По окончании войны еще долгое время находилась Дарья Александровна в госпиталях около раненых, к которым привязалась и которых жалела оставить.

Теперь стало гораздо легче, новых раненых не прибывало, а у прежних заживали раны.

После обхода докторов, сестры исполнят все предписания, и польются воспоминания, разговоры. Прошедшая страшная година народного бедствия казалась теперь мучительным, тяжким сном.

Иной раз под вечер какой-нибудь словоохотливый солдатик всю палату соберет около себя, и слушают его, затаив дыхание… И как поучителен его простой, бесхитростный рассказ! Трогает он даже нечувствительное сердце и не мягкую, не нежную душу. Расспросы сыпятся со всех сторон, и порой по загрубелым лицам катятся слезы.

— Ты куда был ранен, дядюшка? — спрашивала как-то Даша, присаживаясь на койку к усатому сумрачному унтер-офицеру.

— В грудь навылет, сестрица.

— Крови много вышло?

— Много, сестрица… Думал, изойду… На поле, как меня ударила пуля, оморок вышел… Я свалился утром, очнулся — то солнышко уж было на закате…

— Что же, скажи, служивый, страшно было перед сражением?

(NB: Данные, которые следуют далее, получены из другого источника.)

lemma cg_admissible_unique:
  assumes "cg_admissible c" "cg_admissible d" "\<forall>i>m. c i = 0" "\<forall>i>m. d i = 0"
    and "cg_val c m = cg_val d m"
  shows "c = d"
  using assms
proof (induction m arbitrary: c d)
  case 0
  then show ?case unfolding cg_admissible_def by (metis ext gr0I)
next
  case (Suc m)
  have top: "c (Suc m) = d (Suc m)"
    using cg_top_coeff_eq_div[of c m] cg_top_coeff_eq_div[of d m] Suc.prems by simp
  have val: "cg_val e (Suc m) = cg_val (e(Suc m := 0)) m + e (Suc m) * fib (2 * Suc m)" for e
    using cg_val_upd_Suc[of "e(Suc m := 0)" m "e (Suc m)"] by simp
  have "c(Suc m := 0) = d(Suc m := 0)"
  proof (rule Suc.IH)
    show "cg_admissible (c(Suc m := 0))" "cg_admissible (d(Suc m := 0))"
      using Suc.prems(1,2) by (auto intro: cg_admissible_upd_0)
    show "\<forall>i>m. (c(Suc m := 0)) i = 0" "\<forall>i>m. (d(Suc m := 0)) i = 0"
      using Suc.prems(3,4) by auto
    show "cg_val (c(Suc m := 0)) m = cg_val (d(Suc m := 0)) m"
      using Suc.prems(5) top val[of c] val[of d] by simp
  qed
  then show ?case using top by (metis fun_upd_triv fun_upd_upd)
qed
(* There exists a universal constant $C>0$ such that the following holds. Let $\mathbf{u}=(u^1,\dots,u^m)$ be a viscosity solution to $\Delta\mathbf{u}=|\mathbf{u}|^{p-2}\mathbf{u}$ in $B_1$ such that, for some $\varepsilon>0$ (small), $$|u^i|\le\varepsilon^{3/4}\ \text{in } B_1,\ i=2,\dots,m,\qquad |\mathbf{u}|\equiv0\ \text{in } B_1\cap\{x_n<-\varepsilon\}.$$ Then $$|u^i|\le C\varepsilon^{3/4}(x_n+\varepsilon)^+\ \text{in } B_{1/2},\quad i=2,\dots,m.$$
   Context: Fix integers $n\ge 2$, $m\ge 1$ and $0<p<1$; universal means depending only on $n,m,p$. $t^+=\max\{t,0\}$. For $\mathbf{u}\in C(\Omega;\mathbb{R}^m)$, $\Omega(\mathbf{u}):=\Omega\cap\{|\mathbf{u}|>0\}$, $\Gamma(\mathbf{u}):=\Omega\cap\partial\Omega(\mathbf{u})$. Viscosity solution: $\mathbf{u}\in C(\Omega;\mathbb{R}^m)$ is a viscosity solution of $\Delta\mathbf{u}=|\mathbf{u}|^{p-2}\mathbf{u}$ in $\Omega$ if (i) $\Delta u^i=|\mathbf{u}|^{p-2}u^i$ in $\Omega(\mathbf{u})$ for all $i$, and (ii) for every $x_0\in\Gamma(\mathbf{u})$ and every $f\in\mathbb{R}^m$, $\langle\mathbf{u},f\rangle$ cannot be touched from below at $x_0$ by a function $\varphi\in C^1$ with $\varphi(x_0)=0$, $|\nabla\varphi(x_0)|\ne0$, such that on $\{\varphi\ne0\}$, $\varphi\in C^2$ and $\Delta\varphi>\varphi^{p-1}\chi_{\{\varphi>0\}}$. *)

theory Defs
  imports "HOL-Analysis.Analysis"
begin

definition pderiv :: "'n::finite \<Rightarrow> (real^'n \<Rightarrow> real) \<Rightarrow> real^'n \<Rightarrow> real" where
  "pderiv j f x = frechet_derivative f (at x) (axis j 1)"

definition C1_on :: "(real^'n::finite) set \<Rightarrow> (real^'n \<Rightarrow> real) \<Rightarrow> bool" where
  "C1_on S f \<longleftrightarrow> (\<forall>x\<in>S. f differentiable (at x)) \<and> (\<forall>j. continuous_on S (pderiv j f))"

definition C2_on :: "(real^'n::finite) set \<Rightarrow> (real^'n \<Rightarrow> real) \<Rightarrow> bool" where
  "C2_on S f \<longleftrightarrow> C1_on S f \<and> (\<forall>j. C1_on S (pderiv j f))"

definition laplacian :: "(real^'n::finite \<Rightarrow> real) \<Rightarrow> real^'n \<Rightarrow> real" where
  "laplacian f x = (\<Sum>j\<in>UNIV. pderiv j (pderiv j f) x)"
(* Each maximal cyclic subgroup C of N equals M \<inter> N for some maximal cyclic subgroup M of G:
   take any maximal cyclic M containing C; then M \<inter> N, a subgroup of a cyclic group, is a cyclic
   subgroup of N containing C. As N is normal, conjugating M by g conjugates M \<inter> N by g, so the
   G-class of M determines the G-orbit of the N-class of C, and every such orbit arises in this
   way; hence eta*(N) \<le> eta(G). The N-class of g C g^-1 depends only on the coset N g, so each
   orbit consists of at most |G:N| N-classes, whence eta(N) \<le> |G:N| eta*(N). If N is central,
   every orbit is a singleton and eta(N) = eta*(N). *)

definition cyclic_subgroups_in :: "('a, 'b) monoid_scheme \<Rightarrow> 'a set \<Rightarrow> 'a set set" where
  "cyclic_subgroups_in G H = {generate G {x} | x. x \<in> H}"

definition max_cyclic_subgroups_in :: "('a, 'b) monoid_scheme \<Rightarrow> 'a set \<Rightarrow> 'a set set" where
  "max_cyclic_subgroups_in G H =
     {C \<in> cyclic_subgroups_in G H. \<not> (\<exists>D \<in> cyclic_subgroups_in G H. C \<subset> D)}"

definition conj_orbit :: "('a, 'b) monoid_scheme \<Rightarrow> 'a set \<Rightarrow> 'a set \<Rightarrow> 'a set set" where
  "conj_orbit G H C = {conj_by G h C | h. h \<in> H}"

definition class_orbit :: "('a, 'b) monoid_scheme \<Rightarrow> 'a set \<Rightarrow> 'a set \<Rightarrow> 'a set set set" where
  "class_orbit G N C = {conj_orbit G N (conj_by G g C) | g. g \<in> carrier G}"

context group
begin

lemma conj_by_one [simp]: "C \<subseteq> carrier G \<Longrightarrow> conj_by G \<one> C = C"
  unfolding conj_by_def by (force simp: subset_iff)

lemma conj_by_mult:
  "C \<subseteq> carrier G \<Longrightarrow> g \<in> carrier G \<Longrightarrow> h \<in> carrier G \<Longrightarrow>
   conj_by G g (conj_by G h C) = conj_by G (g \<otimes> h) C"
  unfolding conj_by_def image_image
  by (intro image_cong refl) (auto simp: inv_mult_group m_assoc)

lemma conj_by_Int:
  "A \<subseteq> carrier G \<Longrightarrow> B \<subseteq> carrier G \<Longrightarrow> g \<in> carrier G \<Longrightarrow>
   conj_by G g (A \<inter> B) = conj_by G g A \<inter> conj_by G g B"
  unfolding conj_by_def by (rule inj_on_image_Int[of _ "carrier G"]) (auto simp: inj_on_def)

lemma conj_by_central:
  assumes "C \<subseteq> carrier G" and "g \<in> carrier G" and "\<forall>c\<in>C. c \<otimes> g = g \<otimes> c"
  shows "conj_by G g C = C"
proof -
  have "g \<otimes> c \<otimes> inv g = c" if "c \<in> C" for c
    using assms that by (metis inv_solve_right m_closed subsetD)
  then show ?thesis unfolding conj_by_def by force
qed

end

lemma (in normal) conj_by_normal_subgroup:
  assumes "g \<in> carrier G"
  shows "conj_by G g H = H"
proof
  show "conj_by G g H \<subseteq> H"
    using assms inv_op_closed2 unfolding conj_by_def by auto
  show "H \<subseteq> conj_by G g H"
  proof
    fix h assume "h \<in> H"
    have "inv g \<otimes> h \<otimes> g \<in> H"
      using assms \<open>h \<in> H\<close> inv_op_closed1 by (simp add: m_assoc)
    moreover have "h = g \<otimes> (inv g \<otimes> h \<otimes> g) \<otimes> inv g"
      using assms \<open>h \<in> H\<close> by (simp add: m_assoc[symmetric]) (simp add: m_assoc)
    ultimately show "h \<in> conj_by G g H" unfolding conj_by_def by blast
  qed
qed

context group
begin

lemma max_cyclic_subgroups_in_subset_carrier:
  "H \<subseteq> carrier G \<Longrightarrow> C \<in> max_cyclic_subgroups_in G H \<Longrightarrow> C \<subseteq> carrier G"
  unfolding max_cyclic_subgroups_in_def cyclic_subgroups_in_def using generate_incl by blast

lemma finite_max_cyclic_subgroups_in:
  "finite H \<Longrightarrow> finite (max_cyclic_subgroups_in G H)"
  unfolding max_cyclic_subgroups_in_def cyclic_subgroups_in_def by (simp add: Setcompr_eq_image)

lemma max_cyclic_subgroups_eq: "max_cyclic_subgroups G = max_cyclic_subgroups_in G (carrier G)"
  unfolding max_cyclic_subgroups_def max_cyclic_subgroups_in_def
    cyclic_subgroups_def cyclic_subgroups_in_def ..

lemma max_cyclic_subgroups_subgroup_generated:
  assumes "subgroup H G"
  shows "max_cyclic_subgroups (subgroup_generated G H) = max_cyclic_subgroups_in G H"
proof -
  have "subgroup_generated G H = G\<lparr>carrier := H\<rparr>"
    using subgroup.carrier_subgroup_generated_subgroup[OF assms]
    unfolding subgroup_generated_def carrier_subgroup_generated by simp
  then have "generate (subgroup_generated G H) {x} = generate G {x}" if "x \<in> H" for x
    using generate_consistent[of "{x}" H] assms that by simp
  then have "cyclic_subgroups (subgroup_generated G H) = cyclic_subgroups_in G H"
    unfolding cyclic_subgroups_def cyclic_subgroups_in_def
    using subgroup.carrier_subgroup_generated_subgroup[OF assms] by auto
  then show ?thesis
    unfolding max_cyclic_subgroups_def max_cyclic_subgroups_in_def by simp
qed

lemma exists_max_cyclic_subgroup_in_above:
  assumes "finite H" and "x \<in> H"
  obtains M where "M \<in> max_cyclic_subgroups_in G H" and "generate G {x} \<subseteq> M"
proof -
  have "finite (cyclic_subgroups_in G H)"
    using assms(1) unfolding cyclic_subgroups_in_def by (simp add: Setcompr_eq_image)
  moreover have "generate G {x} \<in> cyclic_subgroups_in G H"
    using assms(2) unfolding cyclic_subgroups_in_def by auto
  ultimately obtain M where "M \<in> cyclic_subgroups_in G H" "generate G {x} \<subseteq> M"
      "\<forall>D \<in> cyclic_subgroups_in G H. M \<subseteq> D \<longrightarrow> M = D"
    by (meson finite_has_maximal2)
  then have "M \<in> max_cyclic_subgroups_in G H"
    unfolding max_cyclic_subgroups_in_def by auto
  then show thesis using that \<open>generate G {x} \<subseteq> M\<close> by blast
qed
lemma Fobj_scaleR:
  assumes "0 \<le> t"
  shows "Fobj lam \<sigma> W c (t *\<^sub>R u) = t * Fobj lam \<sigma> W c u"
proof -
  have "range (\<lambda>i. (t *\<^sub>R u)$i) = (\<lambda>x. t * x) ` range (\<lambda>i. u$i)"
    by auto
  moreover have "mono (\<lambda>x::real. t * x)"
    using assms by (auto intro: monoI mult_left_mono)
  ultimately have max: "Max (range (\<lambda>i. (t *\<^sub>R u)$i)) = t * Max (range (\<lambda>i. u$i))"
    using mono_Max_commute[of "\<lambda>x. t * x" "range (\<lambda>i. u$i)"] by auto
  have "\<bar>t * u$i - t * u$j\<bar> = t * \<bar>u$i - u$j\<bar>" for i j
    using assms by (simp add: right_diff_distrib[symmetric] abs_mult)
  then have "(\<Sum>i\<in>UNIV. \<Sum>j\<in>UNIV. W$i$j * \<bar>(t *\<^sub>R u)$i - (t *\<^sub>R u)$j\<bar>)
      = t * (\<Sum>i\<in>UNIV. \<Sum>j\<in>UNIV. W$i$j * \<bar>u$i - u$j\<bar>)"
    by (simp add: sum_distrib_left mult.left_commute)
  then show ?thesis
    unfolding Fobj_def max by (simp add: distrib_left mult.left_commute)
qed

lemma inner_Aop:
  assumes symW: "\<forall>i j. W$i$j = W$j$i"
  shows "inner u (Aop W \<alpha>) = (\<Sum>i\<in>UNIV. \<Sum>j\<in>UNIV. W$i$j * \<alpha>$i$j * (u$i - u$j))"
proof -
  have "(\<Sum>i\<in>UNIV. \<Sum>j\<in>UNIV. u$i * W$i$j * \<alpha>$j$i) = (\<Sum>j\<in>UNIV. \<Sum>i\<in>UNIV. u$i * W$i$j * \<alpha>$j$i)"
    by (rule sum.swap)
  also have "\<dots> = (\<Sum>i\<in>UNIV. \<Sum>j\<in>UNIV. u$j * W$i$j * \<alpha>$i$j)"
    using symW by simp
  finally have swap: "(\<Sum>i\<in>UNIV. \<Sum>j\<in>UNIV. u$i * W$i$j * \<alpha>$j$i) = (\<Sum>i\<in>UNIV. \<Sum>j\<in>UNIV. u$j * W$i$j * \<alpha>$i$j)" .
  have "inner u (Aop W \<alpha>)
      = (\<Sum>i\<in>UNIV. \<Sum>j\<in>UNIV. u$i * W$i$j * \<alpha>$i$j) - (\<Sum>i\<in>UNIV. \<Sum>j\<in>UNIV. u$i * W$i$j * \<alpha>$j$i)"
    by (simp add: inner_vec_def Aop_def sum_distrib_left sum_subtractf algebra_simps)
  then show ?thesis
    unfolding swap by (simp add: sum_subtractf[symmetric] algebra_simps)
qed

lemma inner_support_vec_le_Fobj:
  assumes symW: "\<forall>i j. W$i$j = W$j$i" and nonnegW: "\<forall>i j. 0 \<le> W$i$j"
    and lam: "0 \<le> lam" and sig: "0 \<le> \<sigma>"
    and \<alpha>: "\<alpha> \<in> dual_feasible" and v: "v \<in> simplex_set"
  shows "inner u (support_vec lam \<sigma> W c \<alpha> v) \<le> Fobj lam \<sigma> W c u"
proof -
  have "W$i$j * \<alpha>$i$j * (u$i - u$j) \<le> W$i$j * \<bar>u$i - u$j\<bar>" for i j
  proof -
    have "\<bar>\<alpha>$i$j\<bar> \<le> 1"
      using \<alpha> unfolding dual_feasible_def by blast
    then have "\<bar>\<alpha>$i$j * (u$i - u$j)\<bar> \<le> \<bar>u$i - u$j\<bar>"
      unfolding abs_mult by (simp add: mult_left_le_one_le)
    then have "\<alpha>$i$j * (u$i - u$j) \<le> \<bar>u$i - u$j\<bar>"
      by simp
    then show ?thesis
      using nonnegW by (simp add: mult.assoc mult_left_mono)
  qed
  then have "inner u (Aop W \<alpha>) \<le> (\<Sum>i\<in>UNIV. \<Sum>j\<in>UNIV. W$i$j * \<bar>u$i - u$j\<bar>)"
    unfolding inner_Aop[OF symW] by (intro sum_mono)
  then have Aop_le: "lam/2 * inner u (Aop W \<alpha>) \<le> lam/2 * (\<Sum>i\<in>UNIV. \<Sum>j\<in>UNIV. W$i$j * \<bar>u$i - u$j\<bar>)"
    using lam by (intro mult_left_mono) auto
  have "inner u v = (\<Sum>i\<in>UNIV. u$i * v$i)"
    by (simp add: inner_vec_def)
  also have "\<dots> \<le> (\<Sum>i\<in>UNIV. Max (range (\<lambda>i. u$i)) * v$i)"
    using v by (intro sum_mono mult_right_mono Max_ge) (auto simp: simplex_set_def)
  also have "\<dots> = Max (range (\<lambda>i. u$i))"
    using v by (simp add: simplex_set_def flip: sum_distrib_left)
  finally have "\<sigma> * inner u v \<le> \<sigma> * Max (range (\<lambda>i. u$i))"
    using sig by (intro mult_left_mono)
  with Aop_le show ?thesis
    unfolding support_vec_def Fobj_def by (simp add: inner_add_right)
qed

lemma Fobj_eq_inner_support_vec:
  fixes u :: "real^'m"
  assumes symW: "\<forall>i j. W$i$j = W$j$i"
  shows "\<exists>\<alpha>\<in>dual_feasible. \<exists>v\<in>simplex_set. inner u (support_vec lam \<sigma> W c \<alpha> v) = Fobj lam \<sigma> W c u"
proof -
  define \<alpha> :: "real^'m^'m" where "\<alpha> = (\<chi> i j. sgn (u$i - u$j))"
  have \<alpha>: "\<alpha> \<in> dual_feasible"
    unfolding dual_feasible_def \<alpha>_def by (auto simp: sgn_if)
  have "Max (range (\<lambda>i. u$i)) \<in> range (\<lambda>i. u$i)"
    by (rule Max_in) auto
  then obtain k where k: "u$k = Max (range (\<lambda>i. u$i))"
    by (metis rangeE)
  define v :: "real^'m" where "v = (\<chi> i. if i = k then 1 else 0)"
  have v: "v \<in> simplex_set"
    unfolding simplex_set_def v_def by simp
  have sgn_times_self: "sgn x * x = \<bar>x\<bar>" for x :: real
    by (simp add: sgn_if)
  have "inner u (Aop W \<alpha>) = (\<Sum>i\<in>UNIV. \<Sum>j\<in>UNIV. W$i$j * \<bar>u$i - u$j\<bar>)"
    unfolding inner_Aop[OF symW] \<alpha>_def by (simp add: mult.assoc sgn_times_self)
  moreover have "inner u v = u$k"
    by (simp add: inner_vec_def v_def if_distrib cong: if_cong)
  ultimately have "inner u (support_vec lam \<sigma> W c \<alpha> v) = Fobj lam \<sigma> W c u"
    unfolding support_vec_def Fobj_def k by (simp add: inner_add_right)
  with \<alpha> v show ?thesis by blast
qed

context
  fixes W :: "real^'m^'m" and c :: "real^'m" and lam \<sigma> :: real
  assumes symW: "\<forall>i j. W$i$j = W$j$i" and nonnegW: "\<forall>i j. 0 \<le> W$i$j"
    and lam: "0 \<le> lam" and sig: "0 \<le> \<sigma>"
begin

lemma weak_duality:
  assumes "\<alpha> \<in> dual_feasible" "v \<in> simplex_set" "u \<in> orthant"
  shows "- dual_obj lam \<sigma> W c \<alpha> v + 1/2 * (norm (u - dual_point lam \<sigma> W c \<alpha> v))^2
           \<le> primal_obj lam \<sigma> W c u"
  using inner_support_vec_le_Fobj[OF symW nonnegW lam sig assms(1,2), of u c]
    inner_half_norm_ge_pos_part[OF assms(3), of "support_vec lam \<sigma> W c \<alpha> v"]
  unfolding primal_obj_def dual_obj_eq dual_point_eq by linarith

lemma dual_minimizer_primal_value:
  assumes \<alpha>0: "\<alpha>0 \<in> dual_feasible" and v0: "v0 \<in> simplex_set"
    and opt: "\<forall>\<alpha>\<in>dual_feasible. \<forall>v\<in>simplex_set. dual_obj lam \<sigma> W c \<alpha>0 v0 \<le> dual_obj lam \<sigma> W c \<alpha> v"
  shows "primal_obj lam \<sigma> W c (dual_point lam \<sigma> W c \<alpha>0 v0) = - dual_obj lam \<sigma> W c \<alpha>0 v0"
proof -
  define g0 where "g0 = support_vec lam \<sigma> W c \<alpha>0 v0"
  define us where "us = pos_part (-g0)"
  have g0: "g0 \<in> support_set lam \<sigma> W c"
    using \<alpha>0 v0 by (auto simp: support_set_def g0_def)
  have "norm us \<le> norm (pos_part (-g))" if "g \<in> support_set lam \<sigma> W c" for g
  proof -
    from that obtain \<alpha> v where "\<alpha> \<in> dual_feasible" "v \<in> simplex_set" "g = support_vec lam \<sigma> W c \<alpha> v"
      by (auto simp: support_set_def)
    with opt have "(norm us)^2 \<le> (norm (pos_part (-g)))^2"
      by (auto simp: dual_obj_eq us_def g0_def)
    then show ?thesis by (rule power2_le_imp_le) simp
  qed
  then have first_order: "inner us (g - g0) \<le> 0" if "g \<in> support_set lam \<sigma> W c" for g
    unfolding us_def using norm_pos_part_min_variational[OF convex_support_set g0 that] by blast
  obtain \<alpha>1 v1 where "\<alpha>1 \<in> dual_feasible" "v1 \<in> simplex_set"
    and "inner us (support_vec lam \<sigma> W c \<alpha>1 v1) = Fobj lam \<sigma> W c us"
    using Fobj_eq_inner_support_vec[OF symW] by blast
  then have "Fobj lam \<sigma> W c us \<le> inner us g0"
    using first_order[of "support_vec lam \<sigma> W c \<alpha>1 v1"]
    by (auto simp: support_set_def inner_diff_right)
  moreover have "inner us g0 \<le> Fobj lam \<sigma> W c us"
    unfolding g0_def by (rule inner_support_vec_le_Fobj[OF symW nonnegW lam sig \<alpha>0 v0])
  ultimately show ?thesis
    using inner_half_norm_pos_part[of g0]
    unfolding primal_obj_def dual_obj_eq dual_point_eq g0_def[symmetric] us_def[symmetric] by simp
qed

lemma dual_minimizer_primal_minimizer:
  assumes \<alpha>0: "\<alpha>0 \<in> dual_feasible" and v0: "v0 \<in> simplex_set"
    and opt: "\<forall>\<alpha>\<in>dual_feasible. \<forall>v\<in>simplex_set. dual_obj lam \<sigma> W c \<alpha>0 v0 \<le> dual_obj lam \<sigma> W c \<alpha> v"
  defines "us \<equiv> dual_point lam \<sigma> W c \<alpha>0 v0"
  shows "us \<in> orthant"
    and "\<forall>u\<in>orthant. primal_obj lam \<sigma> W c us \<le> primal_obj lam \<sigma> W c u"
    and "\<forall>u\<in>orthant. (\<forall>u'\<in>orthant. primal_obj lam \<sigma> W c u \<le> primal_obj lam \<sigma> W c u') \<longrightarrow> u = us"
proof -
  show us: "us \<in> orthant"
    by (simp add: us_def dual_point_eq)
  have growth: "primal_obj lam \<sigma> W c us + 1/2 * (norm (u - us))^2 \<le> primal_obj lam \<sigma> W c u"
    if "u \<in> orthant" for u :: "real^'m"
    using weak_duality[OF \<alpha>0 v0 that] dual_minimizer_primal_value[OF \<alpha>0 v0 opt]
    unfolding us_def by linarith
  show "\<forall>u\<in>orthant. primal_obj lam \<sigma> W c us \<le> primal_obj lam \<sigma> W c u"
  proof
    fix u :: "real^'m" assume "u \<in> orthant"
    then have "primal_obj lam \<sigma> W c us + 1/2 * (norm (u - us))^2 \<le> primal_obj lam \<sigma> W c u"
      by (rule growth)
    moreover have "0 \<le> 1/2 * (norm (u - us))^2"
      by simp
    ultimately show "primal_obj lam \<sigma> W c us \<le> primal_obj lam \<sigma> W c u"
      by linarith
  qed
  show "\<forall>u\<in>orthant. (\<forall>u'\<in>orthant. primal_obj lam \<sigma> W c u \<le> primal_obj lam \<sigma> W c u') \<longrightarrow> u = us"
  proof (intro ballI impI)
    fix u :: "real^'m" assume u: "u \<in> orthant" and "\<forall>u'\<in>orthant. primal_obj lam \<sigma> W c u \<le> primal_obj lam \<sigma> W c u'"
    then have "primal_obj lam \<sigma> W c u \<le> primal_obj lam \<sigma> W c us"
      using us by blast
    with growth[OF u] have "(norm (u - us))^2 \<le> 0"
      by linarith
    then show "u = us" by simp
  qed
qed

end

lemma primal_minimizer_normalized:
  assumes us: "us \<in> orthant"
    and min: "\<forall>u\<in>orthant. primal_obj lam \<sigma> W c us \<le> primal_obj lam \<sigma> W c u"
  shows "(us \<noteq> 0 \<longrightarrow> (\<forall>u\<in>orthant. norm u \<le> 1 \<longrightarrow>
            Fobj lam \<sigma> W c ((1 / norm us) *\<^sub>R us) \<le> Fobj lam \<sigma> W c u))
       \<and> (us = 0 \<longrightarrow> (\<forall>u\<in>orthant. norm u \<le> 1 \<longrightarrow> Fobj lam \<sigma> W c 0 \<le> Fobj lam \<sigma> W c u))"
proof -
  have "\<forall>t\<ge>0. \<forall>u\<in>orthant. Fobj lam \<sigma> W c (t *\<^sub>R u) = t * Fobj lam \<sigma> W c u"
    by (simp add: Fobj_scaleR)
  moreover have "\<forall>u\<in>orthant. Fobj lam \<sigma> W c us + 1/2 * (norm us)^2 \<le> Fobj lam \<sigma> W c u + 1/2 * (norm u)^2"
    using min by (simp add: primal_obj_def)
  ultimately show ?thesis
    using homogeneous_prox_minimizer_normalized[OF cone_orthant _ us] by blast
qed
(* Assume $\zeta_{\tilde u}=\zeta_u$ and $\mu\ge4$ (even). Then $\alpha_{\mathrm I}$ first-order stochastically dominates $Y_{\tilde u}$: $F_{\alpha_{\mathrm I}}(y)\le F_{Y_{\tilde u}}(y)$ for all $y\in\mathbb R$, with strict inequality for some $y$. (For $\mu=2$, $\alpha_{\mathrm I}$ and $Y_{\tilde u}$ have the same distribution.)
   Context: Setup: Let $W\ge 1$ be an integer and $\mu\ge 2$ an even integer, set $K=\mu W+1$. Let $\psi_u,\psi_{\tilde u}$ be independent uniform on $(0,2\pi)$ and $\zeta_u,\zeta_{\tilde u}>0$. For $k=1,\dots,K$ let $h_{u,k}=\zeta_u^{1/2}e^{j(\psi_u+2\pi(k-1)/\mu)}$ and $h_{\tilde u,k}=\zeta_{\tilde u}^{1/2}e^{j(\psi_{\tilde u}+2\pi(k-1)/\mu)}$, $j=\sqrt{-1}$. Let $\mathcal K_1=\{k\in\{2,\dots,K\}:\operatorname{Re}(h_{u,k})>0\}$, $\alpha_{\mathrm I}=\big(\sum_{k\in\mathcal K_1}\operatorname{Re}(h_{u,k})\big)^2$, $Y_{\tilde u}=\big(\sum_{k\in\mathcal K_1}\operatorname{Re}(h_{\tilde u,k})\big)^2$. $F_X$ denotes the CDF of $X$. *)

theory Defs
  imports "HOL-Probability.Probability"
begin

definition chan :: "real \<Rightarrow> real \<Rightarrow> nat \<Rightarrow> nat \<Rightarrow> complex" where
  "chan zeta psi mu k = complex_of_real (sqrt zeta) * cis (psi + 2 * pi * (real k - 1) / real mu)"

— Никак нет, сестрица… Только вот мне в примету: хмель не берет. Бывало, выпьешь шкалик, а другой — так и мурашки в глазах забегают… А тут налил я с унтером нашей роты манерку у маркитанта,[2] только сердце разыгралось. Унтер-то спрашивает: «Что у вас сердце не бьется?» — «Нет, — говорю. — Чего ему биться-то?» — «Ну, говорит, не будете убиты…»

— Это уж верно. Сердце в человеке чувствует, коли чему быть, — послышался басистый голос с дальней койки.

— Ты в каком сражении-то ранен? — спрашивал безногий инвалид, подходя к солдатику.

— Я под Альмой…

— Долго хвораешь?..

— Почитай, весь год… Как жив только остался!.. Никто не надеялся.

— Расскажи, как ты ранен был! Про дело-то расскажи! — расспрашивали раненые, обступая койку товарища.